This is a tale about getting rid of postfix-watch.If you using mac os x server, and started up postfix by using postfix start, you may have noticed that postfix gets shut down by postfix-watch. postfix-watch is a daemon that starts up postfix when needed, and shuts it down when it is inactive. However, this is bad if you want postfix to listen for connections. You could use server admin to change the config, but if you made any changes to your main.cfg file, server admin may stomp on the file.
The easiest thing to do it do it yourself (“if you want something done right, darn it, do it yourself!”). It is simple. postfix-watch is started up by the startup item Postfix (in /System/Library/Startup Items/Postfix). If it sees "MAILSERVER=-AUTOMATIC-" or "MAILSERVER=-NO-" in /etc/hostconfig, the startup item starts up postfix-watch. If the startup item sees "MAILSERVER=-YES-", then it starts up postfix and leaves it running.

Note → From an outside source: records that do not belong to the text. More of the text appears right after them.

lemma lipschitz_weighted_sum_le:
  fixes h :: "real \<Rightarrow> real" and \<nu> :: "'i \<Rightarrow> real"
  assumes "finite I" and "0 < M"
    and lipschitz: "\<And>v w. \<bar>h v - h w\<bar> \<le> \<bar>v - w\<bar>"
    and grid_le: "\<And>i. i \<in> I \<Longrightarrow> \<beta> i \<le> M"
    and grid_approx: "\<And>i. i \<in> I \<Longrightarrow> \<bar>x i - real (\<beta> i) / real M\<bar> \<le> 1 / real M"
    and balanced: "(\<Sum>i\<in>I. \<nu> i) = 0"
  shows "(\<Sum>i\<in>I. h (x i) * \<nu> i) \<le>
           ((\<Sum>i\<in>I. \<bar>\<nu> i\<bar>) + (\<Sum>b<M. \<bar>sum \<nu> {i \<in> I. b < \<beta> i}\<bar>)) / real M"
proof -
  define F where "F b = h (real b / real M)" for b
  have rounding: "(\<Sum>i\<in>I. (h (x i) - F (\<beta> i)) * \<nu> i) \<le> (\<Sum>i\<in>I. \<bar>\<nu> i\<bar>) / real M"
  proof -
    have "(\<Sum>i\<in>I. (h (x i) - F (\<beta> i)) * \<nu> i) \<le> (\<Sum>i\<in>I. 1 / real M * \<bar>\<nu> i\<bar>)"
    proof (rule sum_mono, rule mult_le_abs_bound)
      fix i assume "i \<in> I"
      show "\<bar>h (x i) - F (\<beta> i)\<bar> \<le> 1 / real M"
        using lipschitz[of "x i"] grid_approx[OF \<open>i \<in> I\<close>] unfolding F_def by (rule order_trans)
    qed
    then show ?thesis by (simp add: sum_divide_distrib)
  qed
  have "(\<Sum>i\<in>I. F (\<beta> i) * \<nu> i) = (\<Sum>b<M. (F (Suc b) - F b) * sum \<nu> {i \<in> I. b < \<beta> i})"
    using sum_layer_cake[OF \<open>finite I\<close> grid_le, where F = F and \<nu> = \<nu>] balanced by simp
  also have "\<dots> \<le> (\<Sum>b<M. 1 / real M * \<bar>sum \<nu> {i \<in> I. b < \<beta> i}\<bar>)"
  proof (rule sum_mono, rule mult_le_abs_bound)
    fix b
    have "\<bar>real (Suc b) / real M - real b / real M\<bar> = 1 / real M"
      using \<open>0 < M\<close> by (simp add: diff_divide_distrib[symmetric])
    then show "\<bar>F (Suc b) - F b\<bar> \<le> 1 / real M"
      using lipschitz unfolding F_def by metis
  qed
  finally have layers: "(\<Sum>i\<in>I. F (\<beta> i) * \<nu> i) \<le> (\<Sum>b<M. \<bar>sum \<nu> {i \<in> I. b < \<beta> i}\<bar>) / real M"
    by (simp add: sum_divide_distrib)
  have "(\<Sum>i\<in>I. h (x i) * \<nu> i) = (\<Sum>i\<in>I. F (\<beta> i) * \<nu> i) + (\<Sum>i\<in>I. (h (x i) - F (\<beta> i)) * \<nu> i)"
    by (simp add: left_diff_distrib sum_subtractf)
  then show ?thesis using rounding layers by (simp add: add_divide_distrib)
qed

lemma nat_ceiling_grid:
  fixes x :: real
  assumes "x \<in> {0..1}" and "0 < M"
  shows "nat \<lceil>x * real M\<rceil> \<le> M" and "\<bar>x - real (nat \<lceil>x * real M\<rceil>) / real M\<bar> \<le> 1 / real M"
proof -
  have "x * real M \<le> real M" using assms by (simp add: mult_left_le_one_le)
  then show "nat \<lceil>x * real M\<rceil> \<le> M" by (simp add: nat_le_iff ceiling_le_iff)
  have "real (nat \<lceil>x * real M\<rceil>) = of_int \<lceil>x * real M\<rceil>" using assms by simp
  then have "\<bar>x * real M - real (nat \<lceil>x * real M\<rceil>)\<bar> \<le> 1"
    using ceiling_correct[of "x * real M"] by linarith
  moreover have "x - real (nat \<lceil>x * real M\<rceil>) / real M = (x * real M - real (nat \<lceil>x * real M\<rceil>)) / real M"
    using assms by (simp add: field_simps)
  ultimately show "\<bar>x - real (nat \<lceil>x * real M\<rceil>) / real M\<bar> \<le> 1 / real M"
    by (simp add: divide_right_mono)
qed

lemma mean_minus_sample_mean_le:
  fixes h :: "real \<Rightarrow> real"
  assumes lipschitz: "\<And>v w. \<bar>h v - h w\<bar> \<le> \<bar>v - w\<bar>"
    and x: "\<forall>i<n. x i \<in> {0..1}"
    and S: "S \<subseteq> {..<n}" "card S = k" and "1 \<le> k" and "0 < M"
  defines "A b \<equiv> {i. i < n \<and> b < nat \<lceil>x i * real M\<rceil>}"
  shows "(\<Sum>i<n. h (x i)) / real n - (\<Sum>i\<in>S. h (x i)) / real k \<le>
           (2 + (\<Sum>b<M. \<bar>real (card (A b)) / real n - real (card (A b \<inter> S)) / real k\<bar>)) / real M"
proof -
  define \<nu> where "\<nu> i = 1 / real n - of_bool (i \<in> S) / real k" for i
  have "k \<le> n" using card_mono[OF finite_lessThan S(1)] S(2) by simp
  then have "real n > 0" and "real k > 0" using \<open>1 \<le> k\<close> by auto
  have count: "(\<Sum>i\<in>T. of_bool (i \<in> S) :: real) = real (card (T \<inter> S))" if "finite T" for T
    using that by (simp add: sum_of_bool_eq Collect_mem_eq)
  have "{..<n} \<inter> S = S" using S(1) by auto
  then have count_S: "(\<Sum>i<n. of_bool (i \<in> S) :: real) = real k"
    using count[of "{..<n}"] S(2) by simp
  have balanced: "(\<Sum>i<n. \<nu> i) = 0"
    using count_S \<open>real n > 0\<close> \<open>real k > 0\<close>
    by (simp add: \<nu>_def sum_subtractf sum_divide_distrib[symmetric])
  have total_variation: "(\<Sum>i<n. \<bar>\<nu> i\<bar>) \<le> 2"
  proof -
    have "(\<Sum>i<n. \<bar>\<nu> i\<bar>) \<le> (\<Sum>i<n. 1 / real n + of_bool (i \<in> S) / real k)"
      using \<open>real n > 0\<close> \<open>real k > 0\<close> by (intro sum_mono) (simp add: \<nu>_def abs_le_iff)
    also have "\<dots> = 2"
      using count_S \<open>real n > 0\<close> \<open>real k > 0\<close> by (simp add: sum.distrib sum_divide_distrib[symmetric])
    finally show ?thesis .
  qed
  have thresholds: "sum \<nu> {i \<in> {..<n}. b < nat \<lceil>x i * real M\<rceil>} =
                      real (card (A b)) / real n - real (card (A b \<inter> S)) / real k" for b
    using count[of "A b"] unfolding A_def
    by (simp add: \<nu>_def sum_subtractf sum_divide_distrib[symmetric])
  have "(\<Sum>i<n. h (x i) * \<nu> i) \<le>
          ((\<Sum>i<n. \<bar>\<nu> i\<bar>) + (\<Sum>b<M. \<bar>sum \<nu> {i \<in> {..<n}. b < nat \<lceil>x i * real M\<rceil>}\<bar>)) / real M"
    using x nat_ceiling_grid[OF _ \<open>0 < M\<close>] balanced
    by (intro lipschitz_weighted_sum_le[OF finite_lessThan \<open>0 < M\<close> lipschitz]) auto
  also have "\<dots> \<le> (2 + (\<Sum>b<M. \<bar>real (card (A b)) / real n - real (card (A b \<inter> S)) / real k\<bar>)) / real M"
    using total_variation \<open>0 < M\<close> unfolding thresholds by (simp add: divide_right_mono)
  finally have weighted: "(\<Sum>i<n. h (x i) * \<nu> i) \<le> \<dots>" .
  have "(\<Sum>i<n. h (x i) * \<nu> i) = (\<Sum>i<n. h (x i) / real n - h (x i) / real k * of_bool (i \<in> S))"
    by (simp add: \<nu>_def right_diff_distrib)
  also have "\<dots> = (\<Sum>i<n. h (x i)) / real n - (\<Sum>i\<in>S. h (x i)) / real k"
    by (simp only: sum_subtractf sum_divide_distrib[symmetric] sum_mult_of_bool_eq[OF finite_lessThan]
        Collect_mem_eq \<open>{..<n} \<inter> S = S\<close>)
  finally show ?thesis using weighted by simp
qed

To do it manually, edit /etc/hostconfig, change "MAILSERVER=-NO-" to "MAILSERVER=-YES-", kill postfix-watch, and start up postfix with postfix start.
nice site! sweet…
i was going to post this awhile ago, but thought i was crazy. i started using
postfix on 10.3 client and i always had /etc/hostconfig set to MAILSERVER=-
AUTOMATIC- seemed to work fine for my needs, but upon moving to 10.3.x
server i changed this to MAILSERVER=-YES- this might be totally unrelated,
but i find after setting it to yes, if i ever need to restart the server the postfix
startup item fails to load, but i find it actually is running. this seems to be
related to the entry in /etc/watchdog.conf – postfix:respawn:/usr/libexec/
postfix/master… if you delete that line or comment it out, it will be placed
back in by periodic daily… if i reboot, i find myself having to manually delete
this line before i reboot. how do you kill that?